Я решила: если заперто, то стучать не буду. Потянула дверь. И она неожиданно легко открылась.
- Кто там? – недовольно спросил Крис.
Теперь бежать было совсем уже глупо, и я вошла.
- Доброе утро! – начала я с радостной улыбкой, подбадривая себя.
Ничего страшного. Мы просто поговорим. От разговоров ещё никто не умер.
После – да, бывало. Но это уж потом.
Хогер обнаружился на корточках возле одного из своих инструментов ‑ пауко-арфы, которую я видела на концерте.
- Доброе утро, Грейс, - устало выдохнул он.
И замолчал.
Мог бы и спросить меня о чём-нибудь!
Заговорить о главном оказалось неожиданно сложно.
- А чем вы заняты? – задала я очень глупый вопрос.
- Пытаюсь починить. – Маэстро указал рукой на своё детище.
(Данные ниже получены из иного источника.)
(* Let $\mathbb{X}$ be a real or complex Banach space with norm $|\cdot|$, let $k\ge 1$ be an integer, and let $f_n:\mathbb{X}^{k+1}\to\mathbb{X}$, $n=0,1,2,\dots$, be functions. Assume there is a real number $\alpha\in(0,1)$ such that for every $n$ and all $(\xi_0,\xi_1,\dots,\xi_k)\in\mathbb{X}^{k+1}$, $$|f_n(\xi_0,\xi_1,\dots,\xi_k)|\le \alpha\max\{|\xi_0|,\dots,|\xi_k|\}.$$ Then every solution $\{x_n\}$ of the difference equation $x_{n+1}=f_n(x_n,x_{n-1},\dots,x_{n-k})$, $n\ge 0$, with initial values $x_0,x_{-1},\dots,x_{-k}\in\mathbb{X}$ satisfies, for all $n\ge 1$, $$|x_n|\le \alpha^{n/(k+1)}\max\{|x_0|,|x_{-1}|,\dots,|x_{-k}|\}.$$ In particular, the origin is globally exponentially stable.
   Context: A solution of $x_{n+1}=f_n(x_n,\dots,x_{n-k})$ is the sequence $\{x_n\}_{n\ge -k}$ generated by iteration from given initial values $x_0,x_{-1},\dots,x_{-k}$. The origin is called globally exponentially stable if every solution satisfies $|x_n|\le c^n\mu$ for all $n$, where $c\in(0,1)$ and $\mu>0$ are real constants and $c$ does not depend on the initial values. *)

theory Defs
  imports "HOL-Analysis.Analysis"
begin

text \<open>A point of X^(k+1) is a list of length k+1: (xi_0, ..., xi_k).
  A solution is a map x :: int => 'a; only its values at indices >= -k matter.\<close>

definition is_solution :: "(nat \<Rightarrow> 'a list \<Rightarrow> 'a) \<Rightarrow> nat \<Rightarrow> (int \<Rightarrow> 'a) \<Rightarrow> bool" where
  "is_solution f k x \<longleftrightarrow>
     (\<forall>n::nat. x (int n + 1) = f n (map (\<lambda>j. x (int n - int j)) [0..<k+1]))"

definition glob_exp_stable :: "(nat \<Rightarrow> 'a::real_normed_vector list \<Rightarrow> 'a) \<Rightarrow> nat \<Rightarrow> bool" where
  "glob_exp_stable f k \<longleftrightarrow>
     (\<exists>c::real. 0 < c \<and> c < 1 \<and>
        (\<forall>x. is_solution f k x \<longrightarrow>
           (\<exists>\<mu>::real. \<mu> > 0 \<and> (\<forall>n::int. n \<ge> - int k \<longrightarrow> norm (x n) \<le> c powr (real_of_int n) * \<mu>))))"

end

theory Submission
  imports Defs
begin

text \<open>
  Write M for the maximum of the norms of the initial values
  x 0, x (-1), ..., x (-k).  The hypothesis on f turns the difference equation
  into the scalar recurrence inequality
     |x (n+1)| \<le> \<alpha> * max {|x n|, ..., |x (n-k)|}.
  For any real sequence satisfying such an inequality we compare with the
  envelope  E m = M * \<alpha> powr (max 0 m / (k+1)):  E is antitone, equals M on the
  initial window, and satisfies  \<alpha> * E (m-k) \<le> E (m+1).  Strong induction then
  gives u m \<le> E m for all m \<ge> -k.  Finally E m \<le> M * c powr m with
  c = \<alpha> powr (1/(k+1)) \<in> (0,1), which yields global exponential stability
  through a general introduction rule for glob_exp_stable.
\<close>

definition decay_envelope :: "real \<Rightarrow> nat \<Rightarrow> real \<Rightarrow> int \<Rightarrow> real" where
  "decay_envelope \<alpha> k M m = M * \<alpha> powr (real_of_int (max 0 m) / real (k + 1))"

lemma decay_envelope_nonpos:
  assumes "0 < \<alpha>" and "m \<le> 0"
  shows "decay_envelope \<alpha> k M m = M"
  using assms by (simp add: decay_envelope_def)

lemma decay_envelope_antimono:
  assumes "0 < \<alpha>" "\<alpha> \<le> 1" "0 \<le> M" and "m \<le> m'"
  shows "decay_envelope \<alpha> k M m' \<le> decay_envelope \<alpha> k M m"
  unfolding decay_envelope_def
proof (rule mult_left_mono[OF _ \<open>0 \<le> M\<close>])
  have "real_of_int (max 0 m) / real (k + 1) \<le> real_of_int (max 0 m') / real (k + 1)"
    using \<open>m \<le> m'\<close> by (simp add: divide_right_mono)
  then show "\<alpha> powr (real_of_int (max 0 m') / real (k + 1))
      \<le> \<alpha> powr (real_of_int (max 0 m) / real (k + 1))"
    using assms(1,2) by (intro powr_mono') auto
qed

text \<open>One step of the recurrence gains one factor \<alpha> over the oldest value of the
  window, which is exactly what the envelope allows.\<close>

lemma decay_envelope_step:
  assumes "0 < \<alpha>" "\<alpha> \<le> 1" "0 \<le> M"
  shows "\<alpha> * decay_envelope \<alpha> k M (m - int k) \<le> decay_envelope \<alpha> k M (m + 1)"
proof -
  define e where "e = real_of_int (max 0 (m - int k)) / real (k + 1)"
  have "max 0 (m + 1) \<le> max 0 (m - int k) + (int k + 1)" by linarith
  then have "real_of_int (max 0 (m + 1)) \<le> real_of_int (max 0 (m - int k)) + real (k + 1)"
    by linarith
  moreover have "e + 1 = (real_of_int (max 0 (m - int k)) + real (k + 1)) / real (k + 1)"
    unfolding e_def by (simp add: field_simps)
  ultimately have exponent: "real_of_int (max 0 (m + 1)) / real (k + 1) \<le> e + 1"
    by (simp add: divide_right_mono)
  have "\<alpha> * \<alpha> powr e = \<alpha> powr (e + 1)"
    using assms(1) by (simp add: powr_add)
  also have "\<dots> \<le> \<alpha> powr (real_of_int (max 0 (m + 1)) / real (k + 1))"
    using exponent assms(1,2) by (intro powr_mono') auto
  finally have "\<alpha> * \<alpha> powr e \<le> \<alpha> powr (real_of_int (max 0 (m + 1)) / real (k + 1))" .
  from mult_left_mono[OF this \<open>0 \<le> M\<close>] show ?thesis
    unfolding decay_envelope_def e_def[symmetric] by (simp add: mult.left_commute)
qed

lemma decay_envelope_le_geometric:
  assumes "0 < \<alpha>" "\<alpha> \<le> 1" "0 \<le> M"
  shows "decay_envelope \<alpha> k M m \<le> M * (\<alpha> powr (1 / real (k + 1))) powr real_of_int m"
  unfolding decay_envelope_def
proof (rule mult_left_mono[OF _ \<open>0 \<le> M\<close>])
  have "\<alpha> powr (real_of_int (max 0 m) / real (k + 1)) \<le> \<alpha> powr (real_of_int m / real (k + 1))"
    using assms(1,2) by (intro powr_mono') (auto simp: divide_right_mono)
  also have "\<dots> = (\<alpha> powr (1 / real (k + 1))) powr real_of_int m"
    by (simp add: powr_powr)
  finally show "\<alpha> powr (real_of_int (max 0 m) / real (k + 1))
      \<le> (\<alpha> powr (1 / real (k + 1))) powr real_of_int m" .
qed

lemma max_recurrence_decay:
  fixes u :: "int \<Rightarrow> real"
  assumes "0 < \<alpha>" "\<alpha> \<le> 1" "0 \<le> M"
    and init: "\<And>m. - int k \<le> m \<Longrightarrow> m \<le> 0 \<Longrightarrow> u m \<le> M"
    and step: "\<And>n::nat. u (int n + 1) \<le> \<alpha> * Max ((\<lambda>j. u (int n - int j)) ` {0..k})"
    and "- int k \<le> m"
  shows "u m \<le> decay_envelope \<alpha> k M m"
proof (cases "m \<le> 0")
  case True
  then show ?thesis
    using init \<open>- int k \<le> m\<close> decay_envelope_nonpos[OF \<open>0 < \<alpha>\<close>] by simp
next
  case False
  then obtain i :: nat where "m = int i" by (intro that[of "nat m"]) simp
  moreover have "u (int i) \<le> decay_envelope \<alpha> k M (int i)" for i
  proof (induction i rule: less_induct)
    case (less i)
    show ?case
    proof (cases i)
      case 0
      then show ?thesis using init[of 0] decay_envelope_nonpos[OF \<open>0 < \<alpha>\<close>] by simp
    next
      case (Suc n)
      have window: "u (int n - int j) \<le> decay_envelope \<alpha> k M (int n - int k)" if "j \<in> {0..k}" for j
      proof -
        have "u (int n - int j) \<le> decay_envelope \<alpha> k M (int n - int j)"
        proof (cases "int n - int j \<le> 0")
          case True
          then show ?thesis
            using init that decay_envelope_nonpos[OF \<open>0 < \<alpha>\<close>] by simp
        next
          case False
          then have index: "int n - int j = int (n - j)" and "n - j < i" using Suc by auto
          from less.IH[OF \<open>n - j < i\<close>] show ?thesis unfolding index .
        qed
        also have "\<dots> \<le> decay_envelope \<alpha> k M (int n - int k)"
          using that assms(1-3) by (intro decay_envelope_antimono) auto
        finally show ?thesis .
      qed
      have i_eq: "int i = int n + 1" using Suc by simp
      have "u (int i) \<le> \<alpha> * Max ((\<lambda>j. u (int n - int j)) ` {0..k})"
        unfolding i_eq by (rule step)
      also have "\<dots> \<le> \<alpha> * decay_envelope \<alpha> k M (int n - int k)"
        using window \<open>0 < \<alpha>\<close> by (intro mult_left_mono Max.boundedI) auto
      also have "\<dots> \<le> decay_envelope \<alpha> k M (int i)"
        unfolding i_eq by (rule decay_envelope_step[OF assms(1-3)])
      finally show ?thesis .
    qed
  qed
  ultimately show ?thesis by simp
qed

definition initial_max :: "(int \<Rightarrow> 'a::real_normed_vector) \<Rightarrow> nat \<Rightarrow> real" where
  "initial_max x k = Max ((\<lambda>j. norm (x (- int j))) ` {0..k})"

lemma initial_max_ge:
  assumes "- int k \<le> m" and "m \<le> 0"
  shows "norm (x m) \<le> initial_max x k"
proof -
  have "nat (- m) \<in> {0..k}" and "norm (x m) = norm (x (- int (nat (- m))))" using assms by auto
  then have "norm (x m) \<in> (\<lambda>j. norm (x (- int j))) ` {0..k}" by (rule rev_image_eqI)
  then show ?thesis unfolding initial_max_def by (intro Max_ge) auto
qed

lemma initial_max_nonneg: "0 \<le> initial_max x k"
  using initial_max_ge[of k 0 x] norm_ge_zero[of "x 0"] by linarith

lemma solution_norm_recurrence:
  assumes growth: "\<And>n \<xi>. length \<xi> = k + 1 \<Longrightarrow> norm (f n \<xi>) \<le> \<alpha> * Max (norm ` set \<xi>)"
    and "is_solution f k x"
  shows "norm (x (int n + 1)) \<le> \<alpha> * Max ((\<lambda>j. norm (x (int n - int j))) ` {0..k})"
proof -
  have "x (int n + 1) = f n (map (\<lambda>j. x (int n - int j)) [0..<k+1])"
    using \<open>is_solution f k x\<close> unfolding is_solution_def by blast
  moreover have "set [0..<k+1] = {0..k}" by auto
  then have "norm ` set (map (\<lambda>j. x (int n - int j)) [0..<k+1])
      = (\<lambda>j. norm (x (int n - int j))) ` {0..k}"
    by (simp only: set_map image_image)
  ultimately show ?thesis using growth[of "map (\<lambda>j. x (int n - int j)) [0..<k+1]" n] by simp
qed

lemma solution_le_decay_envelope:
  assumes "0 < \<alpha>" "\<alpha> \<le> 1"
    and "\<And>n \<xi>. length \<xi> = k + 1 \<Longrightarrow> norm (f n \<xi>) \<le> \<alpha> * Max (norm ` set \<xi>)"
    and "is_solution f k x" and "- int k \<le> m"
  shows "norm (x m) \<le> decay_envelope \<alpha> k (initial_max x k) m"
  using assms(1,2) initial_max_nonneg initial_max_ge
    solution_norm_recurrence[OF assms(3,4)] assms(5)
  by (rule max_recurrence_decay)

lemma glob_exp_stableI:
  assumes "0 < c" "c < 1"
    and bound: "\<And>x. is_solution f k x \<Longrightarrow>
      \<exists>M \<ge> 0. \<forall>n \<ge> - int k. norm (x n) \<le> M * c powr real_of_int n"
  shows "glob_exp_stable f k"
  unfolding glob_exp_stable_def
proof (rule exI[of _ c], intro conjI assms(1,2) allI impI)
  fix x assume "is_solution f k x"
  then obtain M where "0 \<le> M" and M: "\<And>n. - int k \<le> n \<Longrightarrow> norm (x n) \<le> M * c powr real_of_int n"
    using bound by blast
  have "norm (x n) \<le> c powr real_of_int n * (M + 1)" if "- int k \<le> n" for n
  proof -
    have "0 < c powr real_of_int n" using \<open>0 < c\<close> by simp
    then have "M * c powr real_of_int n \<le> c powr real_of_int n * (M + 1)"
      by (simp add: algebra_simps)
    with M[OF that] show ?thesis by linarith
  qed
  moreover have "0 < M + 1" using \<open>0 \<le> M\<close> by simp
  ultimately show "\<exists>\<mu>>0. \<forall>n \<ge> - int k. norm (x n) \<le> c powr real_of_int n * \<mu>"
    by blast
qed

theorem lemma1:
  fixes f :: "nat \<Rightarrow> 'a::banach list \<Rightarrow> 'a" and k :: nat and \<alpha> :: real
  assumes "k \<ge> 1"
    and "0 < \<alpha>" and "\<alpha> < 1"
    and "\<And>n \<xi>. length \<xi> = k + 1 \<Longrightarrow> norm (f n \<xi>) \<le> \<alpha> * Max (norm ` set \<xi>)"
  shows "(\<forall>x. is_solution f k x \<longrightarrow>
            (\<forall>n::nat. n \<ge> 1 \<longrightarrow>
               norm (x (int n)) \<le> \<alpha> powr (real n / real (k + 1)) *
                 Max ((\<lambda>j. norm (x (- int j))) ` {0..k})))
         \<and> glob_exp_stable f k"
proof
  have envelope: "norm (x m) \<le> decay_envelope \<alpha> k (initial_max x k) m"
    if "is_solution f k x" "- int k \<le> m" for x m
    using solution_le_decay_envelope[OF assms(2) _ assms(4)] that \<open>\<alpha> < 1\<close> by simp
  show "\<forall>x. is_solution f k x \<longrightarrow> (\<forall>n::nat. n \<ge> 1 \<longrightarrow>
      norm (x (int n)) \<le> \<alpha> powr (real n / real (k + 1)) * Max ((\<lambda>j. norm (x (- int j))) ` {0..k}))"
  proof (intro allI impI)
    fix x and n :: nat assume "is_solution f k x"
    from envelope[OF this, of "int n"]
    show "norm (x (int n)) \<le> \<alpha> powr (real n / real (k + 1)) * Max ((\<lambda>j. norm (x (- int j))) ` {0..k})"
      by (simp add: decay_envelope_def initial_max_def mult.commute)
  qed
  define c where "c = \<alpha> powr (1 / real (k + 1))"
  have "0 < c" "c < 1"
    using assms(2,3) powr_less_mono2[of "1 / real (k + 1)" \<alpha> 1] by (auto simp: c_def)
  moreover have "\<exists>M \<ge> 0. \<forall>m \<ge> - int k. norm (x m) \<le> M * c powr real_of_int m"
    if "is_solution f k x" for x
  proof (intro exI[of _ "initial_max x k"] conjI allI impI initial_max_nonneg)
    fix m assume "- int k \<le> m"
    have "decay_envelope \<alpha> k (initial_max x k) m \<le> initial_max x k * c powr real_of_int m"
      unfolding c_def using decay_envelope_le_geometric[OF assms(2) _ initial_max_nonneg] \<open>\<alpha> < 1\<close>
      by simp
    with envelope[OF that \<open>- int k \<le> m\<close>]
    show "norm (x m) \<le> initial_max x k * c powr real_of_int m" by linarith
  qed
  ultimately show "glob_exp_stable f k" by (rule glob_exp_stableI)
qed

end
Если люди не врут, и оркестр он создал сам.
- Да? А в чём проблема? – Во мне взыграл профессиональный интерес.
- Заедает… ‑ Тут Крис оживился, и стал рассказывать, что именно и когда заедает, и что несколько раз на концерте он был готов сквозь сцену провалиться, когда арфоид, как его называл создатель, выдал не те ноты.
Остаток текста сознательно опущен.